Sec. 3 . Eliminating Information Silos. (a) Agency Heads shall take all necessary steps, to the maximum extent consistent with law, to ensure Federal officials designated by the President or Agency Heads (or their designees) have full and prompt access to all unclassified agency records, data, software systems, and information technology systems—or their equivalents if providing access to an equivalent dataset does not delay access—for purposes of pursuing Administration priorities related to the identification and elimination of waste, fraud, and abuse. This includes authorizing and facilitating both the intra- and inter-agency sharing and consolidation of unclassified agency records.
(b) Within 30 days of the date of this order, Agency Heads shall, to the maximum extent consistent with law, rescind or modify all agency guidance that serves as a barrier to the inter- or intra-agency sharing of unclassified information specified in subsection (a) of this section. Agency Heads shall also review agency regulations governing unclassified data access, including system of records notices, and, within 30 days of the date of this order, submit a report to the Office of Management and Budget cataloging those regulations and recommending whether any should be eliminated or modified to achieve the goals set forth in this order. Regulatory modifications pursuant to this order are exempt from Executive Order 14192.

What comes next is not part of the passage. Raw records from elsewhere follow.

lemma two_point_inequality_ordered:
  fixes p a b :: real
  assumes p: "1 < p" "p \<le> 2" and ab: "0 \<le> b" "b \<le> a"
  shows "(a\<^sup>2 + (p - 1) * b\<^sup>2) powr (p / 2) \<le> ((a + b) powr p + (a - b) powr p) / 2"
proof (cases "a = 0")
  case True
  with ab show ?thesis by simp
next
  case False
  define t where "t = b / a"
  have a: "0 < a" and t: "0 \<le> t" "t \<le> 1" and b: "b = a * t"
    using False ab by (auto simp: t_def)
  have "a\<^sup>2 + (p - 1) * b\<^sup>2 = a\<^sup>2 * (1 + (p - 1) * t\<^sup>2)"
    by (simp add: b power_mult_distrib algebra_simps)
  then have "(a\<^sup>2 + (p - 1) * b\<^sup>2) powr (p / 2) = a powr p * (1 + (p - 1) * t\<^sup>2) powr (p / 2)"
    using a p by (simp add: powr_mult power2_powr_half)
  also have "\<dots> \<le> a powr p * (1 + p / 2 * ((p - 1) * t\<^sup>2))"
    using p t by (intro mult_left_mono powr_one_plus_le) auto
  also have "\<dots> \<le> a powr p * (((1 + t) powr p + (1 - t) powr p) / 2)"
    using powr_one_plus_plus_one_minus_ge[OF p t] by (intro mult_left_mono) auto
  also have "\<dots> = ((a * (1 + t)) powr p + (a * (1 - t)) powr p) / 2"
    using a t powr_mult[of a "1 + t" p] powr_mult[of a "1 - t" p] by (simp add: algebra_simps)
  also have "\<dots> = ((a + b) powr p + (a - b) powr p) / 2"
    by (simp add: b algebra_simps)
  finally show ?thesis .
qed

lemma two_point_inequality:
  fixes p a b :: real
  assumes p: "1 < p" "p \<le> 2"
  shows "(a\<^sup>2 + (p - 1) * b\<^sup>2) powr (p / 2) \<le> (\<bar>a + b\<bar> powr p + \<bar>a - b\<bar> powr p) / 2"
proof -
  have ordered: "(a\<^sup>2 + (p - 1) * b\<^sup>2) powr (p / 2) \<le> (\<bar>a + b\<bar> powr p + \<bar>a - b\<bar> powr p) / 2"
    if "\<bar>b\<bar> \<le> \<bar>a\<bar>" for a b :: real
  proof -
    have "\<bar>a + b\<bar> = \<bar>a\<bar> + \<bar>b\<bar> \<and> \<bar>a - b\<bar> = \<bar>a\<bar> - \<bar>b\<bar> \<or> \<bar>a + b\<bar> = \<bar>a\<bar> - \<bar>b\<bar> \<and> \<bar>a - b\<bar> = \<bar>a\<bar> + \<bar>b\<bar>"
      using that by (cases "0 \<le> a"; cases "0 \<le> b") (simp_all add: abs_if)
    then have "\<bar>a + b\<bar> powr p + \<bar>a - b\<bar> powr p = (\<bar>a\<bar> + \<bar>b\<bar>) powr p + (\<bar>a\<bar> - \<bar>b\<bar>) powr p"
      by auto
    moreover have "(\<bar>a\<bar>\<^sup>2 + (p - 1) * \<bar>b\<bar>\<^sup>2) powr (p / 2)
        \<le> ((\<bar>a\<bar> + \<bar>b\<bar>) powr p + (\<bar>a\<bar> - \<bar>b\<bar>) powr p) / 2"
      using p that by (intro two_point_inequality_ordered) auto
    ultimately show ?thesis by simp
  qed
  show ?thesis
  proof (cases "\<bar>b\<bar> \<le> \<bar>a\<bar>")
    case False
    then have "a\<^sup>2 \<le> b\<^sup>2" by (simp add: abs_le_square_iff)
    then have "0 \<le> (2 - p) * (b\<^sup>2 - a\<^sup>2)" using p by simp
    then have "a\<^sup>2 + (p - 1) * b\<^sup>2 \<le> b\<^sup>2 + (p - 1) * a\<^sup>2"
      by (simp add: algebra_simps)
    then have "(a\<^sup>2 + (p - 1) * b\<^sup>2) powr (p / 2) \<le> (b\<^sup>2 + (p - 1) * a\<^sup>2) powr (p / 2)"
      using p by (intro powr_mono2) auto
    also have "\<dots> \<le> (\<bar>b + a\<bar> powr p + \<bar>b - a\<bar> powr p) / 2"
      using False by (intro ordered) simp
    finally show ?thesis by (simp add: abs_minus_commute add.commute)
  qed (rule ordered)
qed

lemma powr_le_powr_imp_le:
  fixes x y r :: real
  assumes "0 < r" "0 \<le> x" "0 \<le> y" "x powr r \<le> y powr r"
  shows "x \<le> y"
  using assms by (meson not_le powr_less_mono2)

lemma weighted_powr_add_le:
  fixes r a b u v :: real
  assumes r: "0 < r" "r \<le> 1" and ab: "0 \<le> a" "0 \<le> b" "a + b = 1" and uv: "0 \<le> u" "0 \<le> v"
  shows "a powr (1 - r) * u powr r + b powr (1 - r) * v powr r \<le> (u + v) powr r"
proof (cases "u + v = 0")
  case True
  with uv have "u = 0" "v = 0" by auto
  then show ?thesis by simp
next
  case False
  define w where "w = u + v"
  have w: "0 < w" using False uv by (simp add: w_def)
  have "a powr (1 - r) * (u / w) powr r \<le> (1 - r) * a + r * (u / w)"
       "b powr (1 - r) * (v / w) powr r \<le> (1 - r) * b + r * (v / w)"
    using Youngs_inequality_nonneg[of "1 - r" r a "u / w"] Youngs_inequality_nonneg[of "1 - r" r b "v / w"]
      r ab uv w by auto
  then have "(a powr (1 - r) * u powr r + b powr (1 - r) * v powr r) / w powr r
      \<le> (1 - r) * (a + b) + r * ((u + v) / w)"
    using uv w by (simp add: powr_divide add_divide_distrib algebra_simps)
  also have "\<dots> = 1" using ab w by (simp add: w_def)
  finally show ?thesis using w by (simp add: w_def divide_le_eq)
qed

lemma ex_card_mult_le_sum:
  fixes f :: "'a \<Rightarrow> real"
  assumes "finite A" "A \<noteq> {}"
  shows "\<exists>i\<in>A. real (card A) * f i \<le> sum f A"
proof -
  have "Min (f ` A) \<in> f ` A" using assms by (intro Min_in) auto
  then obtain i where i: "i \<in> A" "f i = Min (f ` A)" by auto
  then have "real (card A) * f i \<le> sum f A"
    using assms by (intro sum_bounded_below) auto
  with i show ?thesis by blast
qed

section \<open>\<open>L\<^sub>p\<close> norms\<close>

text \<open>\<open>Lp_norm M p g\<close> is only meaningful when \<open>in_Lp M p g\<close>: otherwise the Bochner
  integral of \<open>|g|\<^sup>p\<close>, and with it the norm, is \<open>0\<close>.\<close>

definition in_Lp :: "'a measure \<Rightarrow> real \<Rightarrow> ('a \<Rightarrow> real) \<Rightarrow> bool" where
  "in_Lp M p g \<longleftrightarrow> g \<in> borel_measurable M \<and> integrable M (\<lambda>x. \<bar>g x\<bar> powr p)"
text \<open>r_{i,n} = E_i[#{m : 1 \<le> m < tau_n, X_m = n}] = sum_{m\<ge>1} P_i(X_m = n, m < tau_n).\<close>
definition r_visits :: "nat \<Rightarrow> (nat \<Rightarrow> nat \<Rightarrow> real) \<Rightarrow> nat \<Rightarrow> nat \<Rightarrow> real" where
  "r_visits N P i n = (\<Sum>m. visit_prob N P n i (Suc m))"

text \<open>Probability P_n(tau_n = m, X_m = j).\<close>
definition exit_prob :: "nat \<Rightarrow> (nat \<Rightarrow> nat \<Rightarrow> real) \<Rightarrow> nat \<Rightarrow> nat \<Rightarrow> nat \<Rightarrow> real" where
  "exit_prob N P n j m =
     (\<Sum>xs\<in>{xs. length xs = m \<and> set xs \<subseteq> {1..N} \<and> set (butlast xs) \<inter> {1..<n} = {} \<and> last xs = j}.
        path_prob P n xs)"

text \<open>g_{n,j} = P_n(X_{tau_n} = j) = sum_{m\<ge>1} P_n(tau_n = m, X_m = j).\<close>
definition g_exit :: "nat \<Rightarrow> (nat \<Rightarrow> nat \<Rightarrow> real) \<Rightarrow> nat \<Rightarrow> nat \<Rightarrow> real" where
  "g_exit N P n j = (\<Sum>m. exit_prob N P n j (Suc m))"

definition idm :: "nat \<Rightarrow> nat \<Rightarrow> real" where
  "idm i j = (if i = j then 1 else 0)"

definition R_U :: "nat \<Rightarrow> (nat \<Rightarrow> nat \<Rightarrow> real) \<Rightarrow> nat \<Rightarrow> nat \<Rightarrow> real" where
  "R_U N P i n = (if i < n then r_visits N P i n else 0)"

definition Psi_D :: "nat \<Rightarrow> (nat \<Rightarrow> nat \<Rightarrow> real) \<Rightarrow> nat \<Rightarrow> nat \<Rightarrow> real" where
  "Psi_D N P i j = (if i = j then gth P N i i i else 0)"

(c) Immediately upon execution of this order, Agency Heads shall take all necessary steps, to the maximum extent consistent with law, to ensure the Federal Government has unfettered access to comprehensive data from all State programs that receive Federal funding, including, as appropriate, data generated by those programs but maintained in third-party databases.
(d) Immediately upon execution of this order and without limiting the above directives, the Secretary of Labor and the Secretary's designees shall receive, to the maximum extent consistent with law, unfettered access to all unemployment data and related payment records, including all such data and records currently available to the Department of Labor's Office of Inspector General.
(e) This order supersedes any prior Executive Orders and rules or regulations subject to direct Presidential rulemaking authority to the extent they ( printed page 13682) serve as a barrier to the inter- or intra-agency sharing of unclassified information as specified in this order.
(f) Agency Heads shall conduct a review of classified information policies to determine whether they result in the classification of materials beyond what is necessary to protect critical national security interests and, within 45 days of the date of this order, submit a report to the Office of Management and Budget cataloguing those classified information policies and recommending whether any should be eliminated or modified to achieve the goals set forth in this order.
Sec. 4 . General Provisions. (a) Nothing in this order shall be construed to impair or otherwise affect:
(i) the authority granted by law to an executive department or agency, or the head thereof; or
(ii) the functions of the Director of the Office of Management and Budget relating to budgetary, administrative, or legislative proposals.
(b) This order shall be implemented consistent with applicable law and subject to the availability of appropriations.
(c) This order is not intended to, and does not, create any right or benefit, substantive or procedural, enforceable at law or in equity by any party against the United States, its departments, agencies, or entities, its officers, employees, or agents, or any other person.